▶ [Task to carry out] In the records below, some lines hold the word "imports". Copy each of those lines.

[Stored items]
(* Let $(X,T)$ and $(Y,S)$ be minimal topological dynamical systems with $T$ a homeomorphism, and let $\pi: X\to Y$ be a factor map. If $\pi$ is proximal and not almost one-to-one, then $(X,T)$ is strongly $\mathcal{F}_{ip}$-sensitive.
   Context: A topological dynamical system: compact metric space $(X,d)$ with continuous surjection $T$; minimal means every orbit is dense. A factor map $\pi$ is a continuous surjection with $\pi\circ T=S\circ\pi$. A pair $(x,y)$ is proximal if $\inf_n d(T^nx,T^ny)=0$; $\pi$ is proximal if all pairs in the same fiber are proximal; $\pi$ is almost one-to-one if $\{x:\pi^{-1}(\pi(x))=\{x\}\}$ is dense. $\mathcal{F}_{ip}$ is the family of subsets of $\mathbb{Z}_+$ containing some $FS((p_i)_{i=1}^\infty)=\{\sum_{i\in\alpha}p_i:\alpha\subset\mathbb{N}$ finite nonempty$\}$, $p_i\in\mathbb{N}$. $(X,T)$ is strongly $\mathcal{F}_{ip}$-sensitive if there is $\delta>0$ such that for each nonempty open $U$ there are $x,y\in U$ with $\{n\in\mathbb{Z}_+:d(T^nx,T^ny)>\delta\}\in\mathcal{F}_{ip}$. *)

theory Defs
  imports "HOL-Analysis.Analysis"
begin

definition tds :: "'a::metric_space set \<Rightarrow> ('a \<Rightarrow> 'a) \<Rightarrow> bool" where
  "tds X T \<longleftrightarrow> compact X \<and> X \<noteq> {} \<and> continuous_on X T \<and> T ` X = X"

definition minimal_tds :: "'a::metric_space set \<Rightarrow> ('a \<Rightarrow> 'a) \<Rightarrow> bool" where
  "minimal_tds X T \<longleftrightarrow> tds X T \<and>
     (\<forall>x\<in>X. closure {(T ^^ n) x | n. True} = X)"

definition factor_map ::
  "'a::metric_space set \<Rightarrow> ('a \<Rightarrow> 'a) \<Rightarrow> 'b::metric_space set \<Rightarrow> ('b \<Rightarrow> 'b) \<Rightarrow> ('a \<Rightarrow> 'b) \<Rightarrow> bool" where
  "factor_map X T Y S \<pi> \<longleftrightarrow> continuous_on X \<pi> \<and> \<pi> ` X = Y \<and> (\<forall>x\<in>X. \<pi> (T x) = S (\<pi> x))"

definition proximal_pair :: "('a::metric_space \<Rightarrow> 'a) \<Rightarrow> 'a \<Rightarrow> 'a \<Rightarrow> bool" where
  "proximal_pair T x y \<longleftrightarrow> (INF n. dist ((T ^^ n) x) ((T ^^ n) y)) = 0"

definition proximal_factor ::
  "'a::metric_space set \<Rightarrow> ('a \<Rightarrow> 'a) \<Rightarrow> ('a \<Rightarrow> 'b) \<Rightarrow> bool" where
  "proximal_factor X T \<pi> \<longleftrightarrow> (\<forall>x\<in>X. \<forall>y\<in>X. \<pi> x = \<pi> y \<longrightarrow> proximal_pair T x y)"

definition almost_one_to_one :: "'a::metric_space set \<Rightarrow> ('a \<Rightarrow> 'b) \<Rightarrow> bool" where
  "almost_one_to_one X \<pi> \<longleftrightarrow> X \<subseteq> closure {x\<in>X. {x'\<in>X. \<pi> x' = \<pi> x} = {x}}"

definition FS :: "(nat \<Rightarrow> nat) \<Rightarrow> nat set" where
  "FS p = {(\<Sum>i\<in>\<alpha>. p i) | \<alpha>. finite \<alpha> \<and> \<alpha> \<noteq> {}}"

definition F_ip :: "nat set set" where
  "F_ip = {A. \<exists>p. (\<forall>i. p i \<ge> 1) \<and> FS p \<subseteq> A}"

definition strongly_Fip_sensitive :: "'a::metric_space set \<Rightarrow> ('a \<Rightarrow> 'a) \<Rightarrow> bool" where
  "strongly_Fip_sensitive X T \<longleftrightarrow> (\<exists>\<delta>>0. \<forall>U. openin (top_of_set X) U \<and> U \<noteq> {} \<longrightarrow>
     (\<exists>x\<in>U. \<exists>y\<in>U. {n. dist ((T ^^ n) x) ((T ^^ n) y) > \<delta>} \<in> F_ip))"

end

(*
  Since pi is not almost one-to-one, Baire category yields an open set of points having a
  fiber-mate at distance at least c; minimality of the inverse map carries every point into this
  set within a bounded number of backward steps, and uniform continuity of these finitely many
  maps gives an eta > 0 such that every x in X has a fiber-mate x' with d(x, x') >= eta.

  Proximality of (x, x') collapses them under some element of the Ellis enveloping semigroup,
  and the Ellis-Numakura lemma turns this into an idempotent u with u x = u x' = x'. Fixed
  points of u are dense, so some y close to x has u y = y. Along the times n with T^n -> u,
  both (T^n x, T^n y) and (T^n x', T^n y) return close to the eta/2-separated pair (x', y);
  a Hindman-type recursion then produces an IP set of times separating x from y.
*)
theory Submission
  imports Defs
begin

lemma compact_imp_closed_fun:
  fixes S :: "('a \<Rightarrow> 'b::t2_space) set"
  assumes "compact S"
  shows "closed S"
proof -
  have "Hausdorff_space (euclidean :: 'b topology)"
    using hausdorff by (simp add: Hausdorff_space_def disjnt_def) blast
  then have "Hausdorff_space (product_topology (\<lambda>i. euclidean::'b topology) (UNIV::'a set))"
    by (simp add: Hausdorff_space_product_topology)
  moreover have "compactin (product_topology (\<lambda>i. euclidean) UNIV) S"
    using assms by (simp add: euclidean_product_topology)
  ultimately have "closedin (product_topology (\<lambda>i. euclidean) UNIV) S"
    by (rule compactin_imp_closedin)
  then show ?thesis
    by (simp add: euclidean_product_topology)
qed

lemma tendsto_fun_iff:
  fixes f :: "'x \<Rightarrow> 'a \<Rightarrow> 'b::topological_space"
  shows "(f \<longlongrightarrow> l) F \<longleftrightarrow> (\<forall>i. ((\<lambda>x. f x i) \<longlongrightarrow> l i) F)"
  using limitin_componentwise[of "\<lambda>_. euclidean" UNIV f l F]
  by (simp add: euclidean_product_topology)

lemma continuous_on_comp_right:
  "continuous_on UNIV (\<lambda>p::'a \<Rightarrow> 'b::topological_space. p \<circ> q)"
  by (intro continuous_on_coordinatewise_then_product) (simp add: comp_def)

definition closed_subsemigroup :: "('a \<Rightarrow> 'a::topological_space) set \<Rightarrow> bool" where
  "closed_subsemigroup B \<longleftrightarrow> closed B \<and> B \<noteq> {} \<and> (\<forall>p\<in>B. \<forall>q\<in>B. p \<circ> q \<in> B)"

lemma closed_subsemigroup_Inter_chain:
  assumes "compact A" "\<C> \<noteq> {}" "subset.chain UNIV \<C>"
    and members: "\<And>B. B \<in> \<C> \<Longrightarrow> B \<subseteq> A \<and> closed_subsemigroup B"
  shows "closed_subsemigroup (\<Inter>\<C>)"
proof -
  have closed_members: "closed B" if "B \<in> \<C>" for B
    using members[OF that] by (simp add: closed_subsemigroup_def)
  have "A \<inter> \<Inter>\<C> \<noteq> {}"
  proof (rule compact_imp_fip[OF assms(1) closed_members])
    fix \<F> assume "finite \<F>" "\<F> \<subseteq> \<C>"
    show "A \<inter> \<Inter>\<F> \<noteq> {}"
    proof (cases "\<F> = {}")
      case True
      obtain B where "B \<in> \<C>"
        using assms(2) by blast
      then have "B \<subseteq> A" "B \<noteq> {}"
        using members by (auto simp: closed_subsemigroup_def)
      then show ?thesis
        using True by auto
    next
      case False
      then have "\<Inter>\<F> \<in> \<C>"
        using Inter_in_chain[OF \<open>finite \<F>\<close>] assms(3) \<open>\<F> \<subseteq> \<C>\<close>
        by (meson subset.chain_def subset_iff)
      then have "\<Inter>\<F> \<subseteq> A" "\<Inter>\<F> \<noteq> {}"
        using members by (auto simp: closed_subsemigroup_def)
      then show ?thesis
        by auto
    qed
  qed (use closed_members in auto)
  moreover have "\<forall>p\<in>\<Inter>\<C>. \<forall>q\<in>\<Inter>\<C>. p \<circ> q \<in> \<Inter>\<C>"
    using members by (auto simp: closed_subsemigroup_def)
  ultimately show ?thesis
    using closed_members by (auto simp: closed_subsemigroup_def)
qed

▶ [Exercise solution]
  imports "HOL-Analysis.Analysis"
  imports Defs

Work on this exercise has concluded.